lemma growth_exponent_le_mult:
  fixes a b :: "nat \<Rightarrow> nat" and K d :: nat
  assumes d: "d \<ge> 1" and K: "K \<ge> 1" and le: "\<And>n. n \<ge> 1 \<Longrightarrow> a n \<le> b (K * n ^ d)"
  shows "growth_exponent a \<le> ereal (real d) * growth_exponent b"
proof -
  define rate where "rate g n = ereal (ln (real (g n)) / ln (real n))" for g :: "nat \<Rightarrow> nat" and n
  define m where "m n = K * n ^ d" for n
  define u where "u n = ereal (ln (real (m n)) / ln (real n))" for n
  have "strict_mono m"
    using d K by (auto simp: strict_mono_def m_def intro: power_strict_mono)
  have ln_m: "ln (real (m n)) = ln (real K) + real d * ln (real n)" if "n \<ge> 1" for n
    using that K by (simp add: m_def ln_mult ln_realpow)
  have "(\<lambda>n. ln (real K) / ln (real n) + real d) \<longlonglongrightarrow> real d"
    by real_asymp
  then have "(\<lambda>n. ln (real (m n)) / ln (real n)) \<longlonglongrightarrow> real d"
  proof (rule Lim_transform_eventually)
    show "\<forall>\<^sub>F n in sequentially. ln (real K) / ln (real n) + real d = ln (real (m n)) / ln (real n)"
      using eventually_ge_at_top[of 2] by eventually_elim (simp add: ln_m field_simps)
  qed
  then have u_lim: "u \<longlonglongrightarrow> ereal (real d)"
    unfolding u_def by (rule tendsto_ereal)
  txt \<open>\<open>ln a(n) / ln n \<le> (ln m(n) / ln n) (ln b(m n) / ln m(n))\<close>, where the first factor tends to
    \<open>d\<close> and the second is a subsequence of the rate of \<open>b\<close>.\<close>
  have "\<forall>\<^sub>F n in sequentially. rate a n \<le> u n * (rate b \<circ> m) n"
    using eventually_ge_at_top[of 2]
  proof eventually_elim
    case (elim n)
    have "n \<le> m n"
      using \<open>strict_mono m\<close> by (rule strict_mono_imp_increasing)
    then have pos: "0 < ln (real n)" "0 < ln (real (m n))"
      using elim by auto
    have "ln (real (a n)) \<le> ln (real (b (m n)))"
      using le[of n] elim by (simp add: m_def ln_of_nat_mono)
    then show ?case
      using pos by (simp add: rate_def u_def divide_right_mono)
  qed
  then have "limsup (rate a) \<le> limsup (\<lambda>n. u n * (rate b \<circ> m) n)"
    by (rule Limsup_mono)
  also have "\<dots> = ereal (real d) * limsup (rate b \<circ> m)"
    by (rule ereal_limsup_lim_mult[OF u_lim]) (use d in auto)
  also have "\<dots> \<le> ereal (real d) * limsup (rate b)"
    by (intro ereal_mult_left_mono limsup_subseq_mono \<open>strict_mono m\<close>) auto
  finally show ?thesis
    unfolding growth_exponent_def rate_def .
qed

section \<open>Independence modulo the associated monomial ideal\<close>

lemma indep_mod_assoc_imp_indep_mod:
  assumes ideal: "fa_ideal X I" and order: "monomial_order X lt"
    and indep: "indep_mod (assoc_monomial_ideal X lt I) S" and "finite S"
  shows "indep_mod I S"
  unfolding indep_mod_def
proof (intro allI impI ballI)
  fix c :: "'a list \<Rightarrow> 'b" and w
  let ?g = "\<lambda>v. \<Sum>w\<in>S. c w * fa_mono w v"
  assume "?g \<in> I" and "w \<in> S"
  have g_apply: "?g v = (if v \<in> S then c v else 0)" for v
    using \<open>finite S\<close> by (rule sum_fa_mono_apply)
  show "c w = 0"
  proof (rule ccontr)
    assume "c w \<noteq> 0"
    then have "?g w \<noteq> 0"
      using g_apply[of w] \<open>w \<in> S\<close> by simp
    then have "?g \<noteq> 0"
      by (metis zero_fun_apply)
    define l where "l = lead_mono lt ?g"
    have "?g l \<noteq> 0"
      unfolding l_def by (rule lead_mono_spec(1)[OF order fa_ideal_elem[OF ideal \<open>?g \<in> I\<close>] \<open>?g \<noteq> 0\<close>])
    then have "l \<in> S"
      using g_apply[of l] by presburger
    have "l \<in> lead_monos lt I"
      unfolding lead_monos_def l_def using \<open>?g \<in> I\<close> \<open>?g \<noteq> 0\<close> by auto
    then have "fa_mono l \<in> assoc_monomial_ideal X lt I"
      unfolding assoc_monomial_ideal_def fa_ideal_gen_monos_def by blast
    then show False
      using indep_mod_fa_mono_notin[OF indep \<open>finite S\<close> \<open>l \<in> S\<close>] by contradiction
  qed
qed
______________________________
• _Required action_
Print the data above again, with nothing altered and nothing left out.

• _Written answer_
lemma growth_exponent_le_mult:
  fixes a b :: "nat \<Rightarrow> nat" and K d :: nat
  assumes d: "d \<ge> 1" and K: "K \<ge> 1" and le: "\<And>n. n \<ge> 1 \<Longrightarrow> a n \<le> b (K * n ^ d)"
  shows "growth_exponent a \<le> ereal (real d) * growth_exponent b"
proof -
  define rate where "rate g n = ereal (ln (real (g n)) / ln (real n))" for g :: "nat \<Rightarrow> nat" and n
  define m where "m n = K * n ^ d" for n
  define u where "u n = ereal (ln (real (m n)) / ln (real n))" for n
  have "strict_mono m"
    using d K by (auto simp: strict_mono_def m_def intro: power_strict_mono)
  have ln_m: "ln (real (m n)) = ln (real K) + real d * ln (real n)" if "n \<ge> 1" for n
    using that K by (simp add: m_def ln_mult ln_realpow)
  have "(\<lambda>n. ln (real K) / ln (real n) + real d) \<longlonglongrightarrow> real d"
    by real_asymp
  then have "(\<lambda>n. ln (real (m n)) / ln (real n)) \<longlonglongrightarrow> real d"
  proof (rule Lim_transform_eventually)
    show "\<forall>\<^sub>F n in sequentially. ln (real K) / ln (real n) + real d = ln (real (m n)) / ln (real n)"
      using eventually_ge_at_top[of 2] by eventually_elim (simp add: ln_m field_simps)
  qed
  then have u_lim: "u \<longlonglongrightarrow> ereal (real d)"
    unfolding u_def by (rule tendsto_ereal)
  txt \<open>\<open>ln a(n) / ln n \<le> (ln m(n) / ln n) (ln b(m n) / ln m(n))\<close>, where the first factor tends to
    \<open>d\<close> and the second is a subsequence of the rate of \<open>b\<close>.\<close>
  have "\<forall>\<^sub>F n in sequentially. rate a n \<le> u n * (rate b \<circ> m) n"
    using eventually_ge_at_top[of 2]
  proof eventually_elim
    case (elim n)
    have "n \<le> m n"
      using \<open>strict_mono m\<close> by (rule strict_mono_imp_increasing)
    then have pos: "0 < ln (real n)" "0 < ln (real (m n))"
      using elim by auto
    have "ln (real (a n)) \<le> ln (real (b (m n)))"
      using le[of n] elim by (simp add: m_def ln_of_nat_mono)
    then show ?case
      using pos by (simp add: rate_def u_def divide_right_mono)
  qed
  then have "limsup (rate a) \<le> limsup (\<lambda>n. u n * (rate b \<circ> m) n)"
    by (rule Limsup_mono)
  also have "\<dots> = ereal (real d) * limsup (rate b \<circ> m)"
    by (rule ereal_limsup_lim_mult[OF u_lim]) (use d in auto)
  also have "\<dots> \<le> ereal (real d) * limsup (rate b)"
    by (intro ereal_mult_left_mono limsup_subseq_mono \<open>strict_mono m\<close>) auto
  finally show ?thesis
    unfolding growth_exponent_def rate_def .
qed

section \<open>Independence modulo the associated monomial ideal\<close>

lemma indep_mod_assoc_imp_indep_mod:
  assumes ideal: "fa_ideal X I" and order: "monomial_order X lt"
    and indep: "indep_mod (assoc_monomial_ideal X lt I) S" and "finite S"
  shows "indep_mod I S"
  unfolding indep_mod_def
proof (intro allI impI ballI)
  fix c :: "'a list \<Rightarrow> 'b" and w
  let ?g = "\<lambda>v. \<Sum>w\<in>S. c w * fa_mono w v"
  assume "?g \<in> I" and "w \<in> S"
  have g_apply: "?g v = (if v \<in> S then c v else 0)" for v
    using \<open>finite S\<close> by (rule sum_fa_mono_apply)
  show "c w = 0"
  proof (rule ccontr)
    assume "c w \<noteq> 0"
    then have "?g w \<noteq> 0"
      using g_apply[of w] \<open>w \<in> S\<close> by simp
    then have "?g \<noteq> 0"
      by (metis zero_fun_apply)
    define l where "l = lead_mono lt ?g"
    have "?g l \<noteq> 0"
      unfolding l_def by (rule lead_mono_spec(1)[OF order fa_ideal_elem[OF ideal \<open>?g \<in> I\<close>] \<open>?g \<noteq> 0\<close>])
    then have "l \<in> S"
      using g_apply[of l] by presburger
    have "l \<in> lead_monos lt I"
      unfolding lead_monos_def l_def using \<open>?g \<in> I\<close> \<open>?g \<noteq> 0\<close> by auto
    then have "fa_mono l \<in> assoc_monomial_ideal X lt I"
      unfolding assoc_monomial_ideal_def fa_ideal_gen_monos_def by blast
    then show False
      using indep_mod_fa_mono_notin[OF indep \<open>finite S\<close> \<open>l \<in> S\<close>] by contradiction
  qed
qed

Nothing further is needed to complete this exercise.